(Source data)

lemma tendsto_integral_cutoff'_zero:
  fixes \<phi> g :: "'a::euclidean_space \<Rightarrow> real"
  assumes \<Omega>: "\<Omega> = {x. \<phi> x < 0}" "bounded \<Omega>" and \<phi>: "continuous_on UNIV \<phi>"
    and layer: "\<epsilon>0 > 0" "\<And>\<epsilon>. 0 < \<epsilon> \<Longrightarrow> \<epsilon> \<le> \<epsilon>0 \<Longrightarrow> measure lebesgue (boundary_layer \<phi> \<epsilon>) \<le> C * \<epsilon>"
    and g: "open V" "closure \<Omega> \<subseteq> V" "continuous_on V g" "\<And>x. x \<in> frontier \<Omega> \<Longrightarrow> g x = 0"
    and s: "filterlim s at_top sequentially"
  shows "(\<lambda>m. integral \<Omega> (\<lambda>x. cutoff' (s m * \<phi> x) * s m * g x)) \<longlonglongrightarrow> 0"
proof (rule tendstoI)
  fix \<delta> :: real assume "\<delta> > 0"
  define \<eta> where "\<eta> = \<delta> / (2 * (\<bar>C\<bar> + 1))"
  have C: "\<bar>C\<bar> + 1 > 0"
    using abs_ge_zero[of C] by linarith
  then have "\<eta> > 0"
    using \<open>\<delta> > 0\<close> by (simp add: \<eta>_def)
  have "3/2 * \<eta> * C \<le> 3/2 * \<eta> * (\<bar>C\<bar> + 1)"
    using \<open>\<eta> > 0\<close> by (intro mult_left_mono) auto
  also have "\<dots> = 3/4 * \<delta>"
    using C by (simp add: \<eta>_def field_simps)
  also have "\<dots> < \<delta>"
    using \<open>\<delta> > 0\<close> by simp
  finally have \<eta>_small: "3/2 * \<eta> * C < \<delta>" .
  define W where "W = V \<inter> g -` {-\<eta><..<\<eta>}"
  have "open W"
    unfolding W_def by (rule continuous_open_preimage[OF g(3) g(1)]) simp
  moreover have "frontier \<Omega> \<subseteq> W"
    using g(2,4) \<open>\<eta> > 0\<close> closure_Un_frontier by (fastforce simp: W_def)
  ultimately obtain \<epsilon>1 where \<epsilon>1: "\<epsilon>1 > 0" "boundary_layer \<phi> \<epsilon>1 \<subseteq> W"
    using boundary_layer_subset_open[OF \<Omega> \<phi>] by blast
  have "\<forall>\<^sub>F m in sequentially. s m \<ge> 1 / min \<epsilon>0 \<epsilon>1"
    using s by (simp add: filterlim_at_top)
  then show "\<forall>\<^sub>F m in sequentially. dist (integral \<Omega> (\<lambda>x. cutoff' (s m * \<phi> x) * s m * g x)) 0 < \<delta>"
  proof eventually_elim
    case (elim m)
    have e: "min \<epsilon>0 \<epsilon>1 > 0"
      using \<epsilon>1(1) layer(1) by simp
    then have "s m > 0"
      using elim by (meson less_le_trans zero_less_divide_1_iff)
    moreover have "inverse (s m) \<le> inverse (1 / min \<epsilon>0 \<epsilon>1)"
      by (rule le_imp_inverse_le[OF elim]) (use e in simp)
    ultimately have sm: "s m > 0" "1 / s m \<le> \<epsilon>0" "1 / s m \<le> \<epsilon>1"
      by (simp_all add: inverse_eq_divide)
    have "\<bar>g x\<bar> \<le> \<eta>" if "x \<in> boundary_layer \<phi> (1 / s m)" for x
      using that \<epsilon>1(2) sm(3) by (force simp: W_def boundary_layer_def)
    then have "norm (integral \<Omega> (\<lambda>x. cutoff' (s m * \<phi> x) * s m * g x)) \<le> 3/2 * \<eta> * C"
      using layer(2)[OF _ sm(2)] sm(1) \<open>\<eta> > 0\<close>
      by (intro norm_integral_cutoff'_le[OF \<Omega> \<phi> continuous_on_subset[OF g(3,2)]]) auto
    then show ?case
      using \<eta>_small by simp
  qed
qed

lemma continuous_on_divergence:
  fixes G :: "real^'d \<Rightarrow> real^'d"
  assumes "C1_on V G G'"
  shows "continuous_on V (divergence G)"
  by (rule continuous_on_eq[of _ "\<lambda>x. \<Sum>k\<in>UNIV. G' x (axis k 1) $ k"])
     (auto intro!: continuous_intros C1_on_continuous_derivative[OF assms]
       simp: divergence_eq_derivative[OF C1_on_has_derivative[OF assms]])

lemma continuous_on_derivative_apply:
  fixes \<phi> :: "real^'d \<Rightarrow> real"
  assumes "C1_on UNIV \<phi> D\<phi>" "continuous_on V G"
  shows "continuous_on V (\<lambda>x. D\<phi> x (G x))"
proof -
  have "D\<phi> x (G x) = (\<Sum>k\<in>UNIV. G x $ k * D\<phi> x (axis k 1))" for x
    by (rule linear_eq_sum_axis[OF has_derivative_linear[OF C1_on_has_derivative[OF assms(1) UNIV_I]]])
  then show ?thesis
    by (simp add: continuous_intros assms(2) continuous_on_subset[OF C1_on_continuous_derivative[OF assms(1)]])
qed

lemma integral_cutoff_divergence_eq:
  fixes \<phi> :: "real^'d \<Rightarrow> real" and G :: "real^'d \<Rightarrow> real^'d"
  assumes \<Omega>: "\<Omega> = {x. \<phi> x < 0}" "bounded \<Omega>" and \<phi>: "C1_on UNIV \<phi> D\<phi>"
    and V: "open V" "closure \<Omega> \<subseteq> V" and G: "C1_on V G G'" and s: "s \<ge> 0"
  shows "integral \<Omega> (\<lambda>x. cutoff (s * \<phi> x) * divergence G x)
    = - integral \<Omega> (\<lambda>x. cutoff' (s * \<phi> x) * s * D\<phi> x (G x))"
proof -
  have \<phi>_cont: "continuous_on UNIV \<phi>"
    by (rule C1_on_imp_continuous_on[OF \<phi>])
  have \<Omega>_leb: "\<Omega> \<in> sets lebesgue"
    using \<phi>_cont unfolding \<Omega>(1) by (simp add: open_Collect_less continuous_on_const)
  have ccl: "compact (closure \<Omega>)"
    using \<Omega>(2) by (simp add: compact_closure)
  have "C1_on UNIV (\<lambda>x. cutoff (s * \<phi> x)) (\<lambda>x h. cutoff' (s * \<phi> x) * (s * D\<phi> x h))"
    by (rule C1_on_compose_real[OF has_real_derivative_cutoff _ C1_on_cmult[OF \<phi>]])
       (intro continuous_intros)
  then have "((\<lambda>x. cutoff (s * \<phi> x) * divergence G x
      + cutoff' (s * \<phi> x) * (s * D\<phi> x (G x))) has_integral 0) \<Omega>"
    by (rule has_integral_divergence_cutoff[OF _ _ _ \<Omega>(2) V G])
       (use s in \<open>auto simp: \<Omega>(1) cutoff_eq_0 cutoff'_eq_0_right\<close>)
  moreover have "(\<lambda>x. cutoff (s * \<phi> x) * divergence G x) integrable_on \<Omega>"
    by (rule integrable_continuous_on_compact_superset[OF _ ccl closure_subset \<Omega>_leb])
       (intro continuous_intros continuous_on_subset[OF \<phi>_cont subset_UNIV]
         continuous_on_subset[OF continuous_on_divergence[OF G] V(2)])
  moreover have "(\<lambda>x. cutoff' (s * \<phi> x) * s * D\<phi> x (G x)) integrable_on \<Omega>"
    by (rule integrable_continuous_on_compact_superset[OF _ ccl closure_subset \<Omega>_leb])
       (intro continuous_intros continuous_on_subset[OF \<phi>_cont subset_UNIV] continuous_on_subset[OF
         continuous_on_derivative_apply[OF \<phi> C1_on_imp_continuous_on[OF G]] V(2)])
  ultimately show ?thesis
    by (simp add: integral_add[symmetric] integral_unique eq_neg_iff_add_eq_0 mult.assoc)
qed

lemma has_integral_divergence_tangential:
  fixes \<phi> :: "real^'d \<Rightarrow> real" and G :: "real^'d \<Rightarrow> real^'d"
  assumes \<Omega>: "\<Omega> = {x. \<phi> x < 0}" "bounded \<Omega>" and \<phi>: "C1_on UNIV \<phi> D\<phi>"
    and nondeg: "\<And>x. x \<in> frontier \<Omega> \<Longrightarrow> D\<phi> x \<noteq> (\<lambda>_. 0)"
    and V: "open V" "closure \<Omega> \<subseteq> V" and G: "C1_on V G G'"
    and tangential: "\<And>x. x \<in> frontier \<Omega> \<Longrightarrow> D\<phi> x (G x) = 0"
  shows "(divergence G has_integral 0) \<Omega>"
proof -
  have \<phi>_cont: "continuous_on UNIV \<phi>"
    by (rule C1_on_imp_continuous_on[OF \<phi>])
  have div_cont: "continuous_on (closure \<Omega>) (divergence G)"
    using continuous_on_divergence[OF G] V(2) by (rule continuous_on_subset)
  obtain C \<epsilon>0 where layer: "\<epsilon>0 > 0"
      "\<And>\<epsilon>. 0 < \<epsilon> \<Longrightarrow> \<epsilon> \<le> \<epsilon>0 \<Longrightarrow> measure lebesgue (boundary_layer \<phi> \<epsilon>) \<le> C * \<epsilon>"
    using measure_boundary_layer_le[OF \<Omega> \<phi> nondeg] by blast
  define A where "A m = integral \<Omega> (\<lambda>x. cutoff (real m * \<phi> x) * divergence G x)" for m
  define B where "B m = integral \<Omega> (\<lambda>x. cutoff' (real m * \<phi> x) * real m * D\<phi> x (G x))" for m
  have A_lim: "A \<longlonglongrightarrow> integral \<Omega> (divergence G)"
    unfolding A_def by (rule tendsto_integral_cutoff[OF \<Omega> \<phi>_cont div_cont filterlim_real_sequentially])
  have B_lim: "B \<longlonglongrightarrow> 0"
    unfolding B_def
    by (rule tendsto_integral_cutoff'_zero[OF \<Omega> \<phi>_cont layer V
          continuous_on_derivative_apply[OF \<phi> C1_on_imp_continuous_on[OF G]] tangential
          filterlim_real_sequentially])
  have "A = (\<lambda>m. - B m)"
    unfolding A_def B_def by (rule ext) (rule integral_cutoff_divergence_eq[OF \<Omega> \<phi> V G]; simp)
  then have "A \<longlonglongrightarrow> 0"
    using tendsto_minus[OF B_lim] by simp
  then have "integral \<Omega> (divergence G) = 0"
    using A_lim LIMSEQ_unique by blast
  moreover have "divergence G integrable_on \<Omega>"
    using \<phi>_cont \<Omega> div_cont
    by (intro integrable_continuous_on_compact_superset[OF _ _ closure_subset])
       (auto simp: compact_closure open_Collect_less continuous_on_const)
  ultimately show ?thesis
    by (metis has_integral_integral)
qed

lemma has_integral_divergence_no_flux:
  fixes G :: "real^'d \<Rightarrow> real^'d"
  assumes \<Omega>: "bounded \<Omega>" and \<nu>: "outer_unit_normal \<Omega> \<nu>" and V: "open V" "closure \<Omega> \<subseteq> V"
    and G: "C1_on V G G'" and no_flux: "\<And>x. x \<in> frontier \<Omega> \<Longrightarrow> G x \<bullet> \<nu> x = 0"
  shows "(divergence G has_integral 0) \<Omega>"
proof -
  obtain \<phi> where \<phi>: "Ck_on 1 UNIV \<phi>" "\<Omega> = {x. \<phi> x < 0}"
    and normal: "\<And>x. x \<in> frontier \<Omega> \<Longrightarrow> grad \<phi> x \<noteq> 0 \<and> \<nu> x = (1 / norm (grad \<phi> x)) *\<^sub>R grad \<phi> x"
    using \<nu> unfolding outer_unit_normal_def by blast
  define D\<phi> where "D\<phi> x = frechet_derivative \<phi> (at x)" for x
  have C1: "C1_on UNIV \<phi> D\<phi>"
    unfolding D\<phi>_def by (rule Ck_on_1_imp_C1_on[OF \<phi>(1)]) simp
  have D\<phi>_grad: "D\<phi> x h = grad \<phi> x \<bullet> h" for x h
    by (rule derivative_eq_inner_grad[OF C1_on_has_derivative[OF C1 UNIV_I]])
  show ?thesis
  proof (rule has_integral_divergence_tangential[OF \<phi>(2) \<Omega> C1 _ V G])
    show "D\<phi> x \<noteq> (\<lambda>_. 0)" if "x \<in> frontier \<Omega>" for x
    proof
      assume "D\<phi> x = (\<lambda>_. 0)"
      then have "grad \<phi> x \<bullet> grad \<phi> x = 0"
        using D\<phi>_grad[of x "grad \<phi> x"] by simp
      then show False
        using normal[OF that] by simp
    qed
    show "D\<phi> x (G x) = 0" if "x \<in> frontier \<Omega>" for x
      using no_flux[OF that] normal[OF that] by (simp add: D\<phi>_grad inner_commute)
  qed
qed

section \<open>The energy identity\<close>

lemma has_real_derivative_quadratic_form:
  fixes w :: "nat \<Rightarrow> real \<Rightarrow> real"
  assumes q_sym: "\<And>i j. i \<le> n \<Longrightarrow> j \<le> n \<Longrightarrow> q i j = q j i"
    and w: "\<And>i. i \<le> n \<Longrightarrow> (w i has_real_derivative a i) (at t)"
  shows "((\<lambda>s. (1/2) * (\<Sum>i\<le>n. \<Sum>j\<le>n. q i j * w i s * w j s)) has_real_derivative
      (\<Sum>i\<le>n. a i * (\<Sum>l\<le>n. q i l * w l t))) (at t)"
proof -
  have "((\<lambda>s. q i j * w i s * w j s) has_real_derivative q i j * a i * w j t + q i j * w i t * a j) (at t)"
    if "i \<le> n" "j \<le> n" for i j
    using DERIV_mult[OF DERIV_cmult[OF w[OF that(1)], of "q i j"] w[OF that(2)]]
    by (simp add: algebra_simps)
  then have "((\<lambda>s. (1/2) * (\<Sum>i\<le>n. \<Sum>j\<le>n. q i j * w i s * w j s)) has_real_derivative
      (1/2) * (\<Sum>i\<le>n. \<Sum>j\<le>n. q i j * a i * w j t + q i j * w i t * a j)) (at t)"
    by (intro DERIV_cmult DERIV_sum) auto
  moreover have "(\<Sum>i\<le>n. \<Sum>j\<le>n. q i j * w i t * a j) = (\<Sum>i\<le>n. \<Sum>j\<le>n. q i j * a i * w j t)"
    by (subst sum.swap) (auto simp: q_sym mult.commute mult.left_commute intro!: sum.cong)
  then have "(1/2) * (\<Sum>i\<le>n. \<Sum>j\<le>n. q i j * a i * w j t + q i j * w i t * a j)
      = (\<Sum>i\<le>n. \<Sum>j\<le>n. q i j * a i * w j t)"
    by (simp add: sum.distrib)
  also have "\<dots> = (\<Sum>i\<le>n. a i * (\<Sum>l\<le>n. q i l * w l t))"
    by (simp add: sum_distrib_left mult_ac)
  finally show ?thesis
    using DERIV_cong by blast
qed

lemma has_integral_divergence_weighted_flux:
  fixes p U :: "nat \<Rightarrow> real^'d \<Rightarrow> real" and V :: "nat \<Rightarrow> real^'d \<Rightarrow> real^'d"
  assumes \<Omega>: "bounded \<Omega>" "outer_unit_normal \<Omega> \<nu>" and W: "open W" "closure \<Omega> \<subseteq> W"
    and p: "\<And>i. i \<le> n \<Longrightarrow> C1_on W (p i) (p' i)"
    and U: "\<And>i. i \<le> n \<Longrightarrow> C1_on W (U i) (U' i)" and V: "\<And>i. i \<le> n \<Longrightarrow> C1_on W (V i) (V' i)"
    and no_flux: "\<And>i x. i \<le> n \<Longrightarrow> x \<in> frontier \<Omega> \<Longrightarrow> (U i x *\<^sub>R V i x) \<bullet> \<nu> x = 0"
  shows "(divergence (\<lambda>y. \<Sum>i\<le>n. p i y *\<^sub>R (U i y *\<^sub>R V i y)) has_integral 0) \<Omega>"
proof -
  have "\<exists>G'. C1_on W (\<lambda>y. \<Sum>i\<le>n. p i y *\<^sub>R (U i y *\<^sub>R V i y)) G'"
    by (rule exI, (rule C1_on_sum C1_on_scaleR p U V | simp)+)
  then obtain G' where G: "C1_on W (\<lambda>y. \<Sum>i\<le>n. p i y *\<^sub>R (U i y *\<^sub>R V i y)) G'"
    by blast
  show ?thesis
  proof (rule has_integral_divergence_no_flux[OF \<Omega> W G])
    fix x assume "x \<in> frontier \<Omega>"
    then have "U i x * (V i x \<bullet> \<nu> x) = 0" if "i \<le> n" for i
      using no_flux[OF that] by simp
    then show "(\<Sum>i\<le>n. p i x *\<^sub>R (U i x *\<^sub>R V i x)) \<bullet> \<nu> x = 0"
      unfolding inner_sum_left by (intro sum.neutral ballI) simp
  qed
qed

(End Source data)

→ **What you have to do**
Would you show each line of the listing above that has the string "dots"?

→ **Result for this exercise**
  also have "\<dots> = 3/4 * \<delta>"
  also have "\<dots> < \<delta>"
  also have "\<dots> = (\<Sum>i\<le>n. a i * (\<Sum>l\<le>n. q i l * w l t))"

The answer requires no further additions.